I banged my head about this for a while and cannot understand what I did wrong (if at all) when implementing these RNNs. To save you from the advanced phase, I can tell you that the two implementations are calculating the same outputs, so the direct phase is correct. The problem is the reverse phase.

Here is my python reverse code.
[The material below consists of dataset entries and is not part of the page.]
(* Let $(\Omega_X,\mathcal{F}_X)$ and $(\Omega_y,\mathcal{F}_y)$ be measurable spaces and $\pi$ a probability measure on $(\Omega_X\times\Omega_y,\mathcal{F}_X\otimes\mathcal{F}_y)$. Let $s:\Omega_X\times\Omega_y\to\mathbb{R}$ be a measurable score function, $N\ge1$, $\alpha\in[0,1]$, and let $(X_1,y_1),\dots,(X_N,y_N),(X,y)$ be i.i.d. with law $\pi$. Let $\hat q$ be the $\lceil(1-\alpha)(N+1)\rceil$-th smallest value among $s(X_1,y_1),\dots,s(X_N,y_N)$ (with $\hat q=+\infty$ if $\lceil(1-\alpha)(N+1)\rceil>N$), and let $S(x)=\{y'\in\Omega_y:s(x,y')\le\hat q\}$. Let $\mathrm{MI}_{Xs}$ denote the mutual information between $X$ and $s(X,y)$ for $(X,y)\sim\pi$, and assume $0<\mathrm{MI}_{Xs}<\infty$. Then for every $\omega_X\in\mathcal{F}_X$ with $\mathbb{P}(X\in\omega_X)>0$, $$\mathbb{P}\big(y\in S(X)\,\big|\,X\in\omega_X\big)\ge(1-\alpha)-\frac{\sqrt{1-\exp(-\mathrm{MI}_{Xs})}}{\mathbb{P}(X\in\omega_X)},$$ the probability being taken jointly over the calibration data and the test point.
   Context: Split-conformal setting: any model entering $s$ is fixed and independent of the calibration and test data; calibration points and test point are i.i.d. from $\pi$; coverage probabilities are marginalized over the calibration data. *)

theory Defs
  imports "HOL-Probability.Probability"
begin

definition conf_rank :: "real \<Rightarrow> nat \<Rightarrow> nat" where
  "conf_rank \<alpha> N = nat \<lceil>(1 - \<alpha>) * (real N + 1)\<rceil>"

definition conf_qhat :: "('a \<times> 'b \<Rightarrow> real) \<Rightarrow> real \<Rightarrow> nat \<Rightarrow> (nat \<Rightarrow> 'a \<times> 'b) \<Rightarrow> ereal" where
  "conf_qhat s \<alpha> N D =
     (let k = conf_rank \<alpha> N in
      if k = 0 then -\<infinity>
      else if N < k then \<infinity>
      else ereal (sort (map (\<lambda>i. s (D i)) [0..<N]) ! (k - 1)))"

definition conf_set ::
  "'b measure \<Rightarrow> ('a \<times> 'b \<Rightarrow> real) \<Rightarrow> real \<Rightarrow> nat \<Rightarrow> (nat \<Rightarrow> 'a \<times> 'b) \<Rightarrow> 'a \<Rightarrow> 'b set" where
  "conf_set MY s \<alpha> N D x = {y' \<in> space MY. ereal (s (x, y')) \<le> conf_qhat s \<alpha> N D}"

end

theory Submission
  imports Defs "HOL-Combinatorics.Transposition"
begin

text \<open>
  Fix the calibration data \<open>D\<close>. Then the test point is covered iff its score \<open>s(X, y)\<close> lies in
  the Borel set \<open>{r. r \<le> q(D)}\<close>, an event about the score alone. For such events
  \<open>P(X \<in> \<omega>, s \<in> T)\<close> differs from \<open>P(X \<in> \<omega>) P(s \<in> T)\<close> by at most the total variation distance
  between the joint law of \<open>(X, s)\<close> and the product of its marginals, which the
  Bretagnolle--Huber inequality bounds by \<open>sqrt (1 - exp (- MI))\<close>. Integrating over \<open>D\<close> and
  using the marginal split-conformal guarantee \<open>P(y \<in> S(X)) \<ge> 1 - \<alpha>\<close>, which holds because
  the \<open>N + 1\<close> scores are exchangeable, gives
  \<open>P(X \<in> \<omega>, y \<in> S(X)) \<ge> P(X \<in> \<omega>) (1 - \<alpha>) - sqrt (1 - exp (- MI))\<close>.
\<close>

section \<open>The Bretagnolle--Huber inequality\<close>

lemma sqrt_ge_exp_tangent:
  fixes y c :: real
  assumes "0 \<le> y"
  shows "exp c * (y * (1 - c) - y * ln y / 2) \<le> sqrt y"
proof (cases "y = 0")
  case False
  with assms have y: "0 < y" by simp
  \<comment> \<open>\<open>sqrt y = y * exp (- ln y / 2)\<close>, and \<open>exp\<close> lies above its tangent at \<open>c\<close>\<close>
  have "1 - c - ln y / 2 \<le> exp (- ln y / 2 - c)"
    using exp_ge_add_one_self[of "- ln y / 2 - c"] by linarith
  then have "exp c * (1 - c - ln y / 2) \<le> exp c * exp (- ln y / 2 - c)"
    by (intro mult_left_mono) auto
  also have "\<dots> = exp (- ln y / 2)"
    by (simp flip: exp_add)
  finally have "y * (exp c * (1 - c - ln y / 2)) \<le> y * exp (- ln y / 2)"
    using y by (intro mult_left_mono) auto
  also have "y * exp (- ln y / 2) = sqrt y"
    using y by (simp add: powr_half_sqrt[symmetric] powr_def exp_minus field_simps flip: exp_add)
  finally show ?thesis
    by (simp add: algebra_simps)
qed simp

lemma sqrt_le_one_plus:
  fixes y :: real
  assumes "0 \<le> y"
  shows "sqrt y \<le> 1 + y"
proof -
  have "2 * sqrt y * 1 \<le> (sqrt y)\<^sup>2 + 1\<^sup>2"
    by (rule sum_squares_bound)
  then show ?thesis
    using assms real_sqrt_ge_zero[OF assms] by simp
qed

lemma sqrt_mult_add_sqrt_mult_le:
  fixes a b :: real
  assumes "0 \<le> a" "a \<le> 1" "0 \<le> b" "b \<le> 1"
  shows "(sqrt (a * b) + sqrt ((1 - a) * (1 - b)))\<^sup>2 \<le> 1 - (a - b)\<^sup>2"
proof -
  define x y where "x = sqrt (a * (1 - a))" and "y = sqrt (b * (1 - b))"
  have x2: "x\<^sup>2 = a * (1 - a)" and y2: "y\<^sup>2 = b * (1 - b)"
    using assms by (simp_all add: x_def y_def)
  have sq: "(sqrt (a * b))\<^sup>2 = a * b" "(sqrt ((1 - a) * (1 - b)))\<^sup>2 = (1 - a) * (1 - b)"
    using assms by simp_all
  have "sqrt (a * b) * sqrt ((1 - a) * (1 - b)) = x * y"
    unfolding x_def y_def real_sqrt_mult[symmetric] by (simp only: mult_ac)
  then have "(sqrt (a * b) + sqrt ((1 - a) * (1 - b)))\<^sup>2 = a * b + (1 - a) * (1 - b) + 2 * (x * y)"
    unfolding power2_sum sq by simp
  also have "\<dots> \<le> a * b + (1 - a) * (1 - b) + (a * (1 - a) + b * (1 - b))"
    using sum_squares_bound[of x y] x2 y2 by simp
  also have "\<dots> = 1 - (a - b)\<^sup>2"
    by (simp add: power2_eq_square algebra_simps)
  finally show ?thesis .
qed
It follows the type of Carpathian nevectalk rather closely, but not quite:

def backward(self, cache, target,c=leastsquares_cost, dc=leastsquares_dcost): ''' cache is from forward pass c is a cost function dc is a function used as dc(output, target) which gives the gradient dc/doutput ''' XdotW = cache['XdotW'] #num_time_steps x hidden_size Hin = cache['Hin'] # num_time_steps x hidden_size T = Hin.shape[0] Hout = cache['Hout'] Xin = cache['Xin'] Xout = cache['Xout'] Oin = cache['Oin'] # num_time_steps x output_size Oout=cache['Oout'] dcdOin = dc(Oout, target) # this will be num_time_steps x num_outputs. these are dc/dO_j dcdWho = np.dot(Hout.transpose(), dcdOin) # this is the sum of outer products for all time # bias term is added at the end with coefficient 1 hence the dot product is just the sum dcdbho = np.sum(dcdOin, axis=0, keepdims=True) #this sums all the time steps dcdHout = np.dot(dcdOin, self.Who.transpose()) #reflects dcdHout_ij should be the dot product of dcdoin and the i'th row of Who; this is only for the outputs # now go back in time dcdHin = np.zeros(dcdHout.shape) # for t=T we can ignore the other term (error from the next timestep). self.df is derivative of activation function (here, tanh): dcdHin[T-1] = self.df(Hin[T-1]) * dcdHout[T-1] # because we don't need to worry about the next timestep, dcdHout is already corrent for t=T for t in reversed(xrange(T-1)): # we need to add to dcdHout[t] the error from the next timestep dcdHout[t] += np.dot(dcdHin[t], self.Whh.transpose()) # now we have the correct form for dcdHout[t] dcdHin[t] = self.df(Hin[t]) * dcdHout[t] # now we've gone through all t, and we can continue dcdWhh = np.zeros(self.Whh.shape) for t in range(T-1): #skip T bc dHdin[T+1] doesn't exist dcdWhh += np.outer(Hout[t], dcdHin[t+1]) # and we can do bias as well dcdbhh = np.sum(dcdHin,axis=0, keepdims=True) # now we need to go back to the embeddings dcdWxh = np.dot(Xout.transpose(), dcdHin) return {'dcdOout': dcdOout, 'dcdWxh': dcdWxh, 'dcdWhh': dcdWhh, 'dcdWho': dcdWho, 'dcdbhh': dcdbhh, 'dcdbho': dcdbho, 'cost':c(Oout, target)} 

And here is the anano code (basically copied from another implementation that I found on the Internet. I initialize the scales for my randomized scales with pure python rnn so that everything is the same.):

 # input (where first dimension is time) u = TT.matrix() # target (where first dimension is time) t = TT.matrix() # initial hidden state of the RNN h0 = TT.vector() # learning rate lr = TT.scalar() # recurrent weights as a shared variable W = theano.shared(rnn.Whh) # input to hidden layer weights W_in = theano.shared(rnn.Wxh) # hidden to output layer weights W_out = theano.shared(rnn.Who) # bias 1 b_h = theano.shared(rnn.bhh[0]) # bias 2 b_o = theano.shared(rnn.bho[0]) # recurrent function (using tanh activation function) and linear output # activation function def step(u_t, h_tm1, W, W_in, W_out): h_t = TT.tanh(TT.dot(u_t, W_in) + TT.dot(h_tm1, W) + b_h) y_t = TT.dot(h_t, W_out) + b_o return h_t, y_t # the hidden state `h` for the entire sequence, and the output for the # entrie sequence `y` (first dimension is always time) [h, y], _ = theano.scan(step, sequences=u, outputs_info=[h0, None], non_sequences=[W, W_in, W_out]) # error between output and target error = (.5*(y - t) ** 2).sum() # gradients on the weights using BPTT gW, gW_in, gW_out, gb_h, gb_o = TT.grad(error, [W, W_in, W_out, b_h, b_o]) # training function, that computes the error and updates the weights using # SGD. 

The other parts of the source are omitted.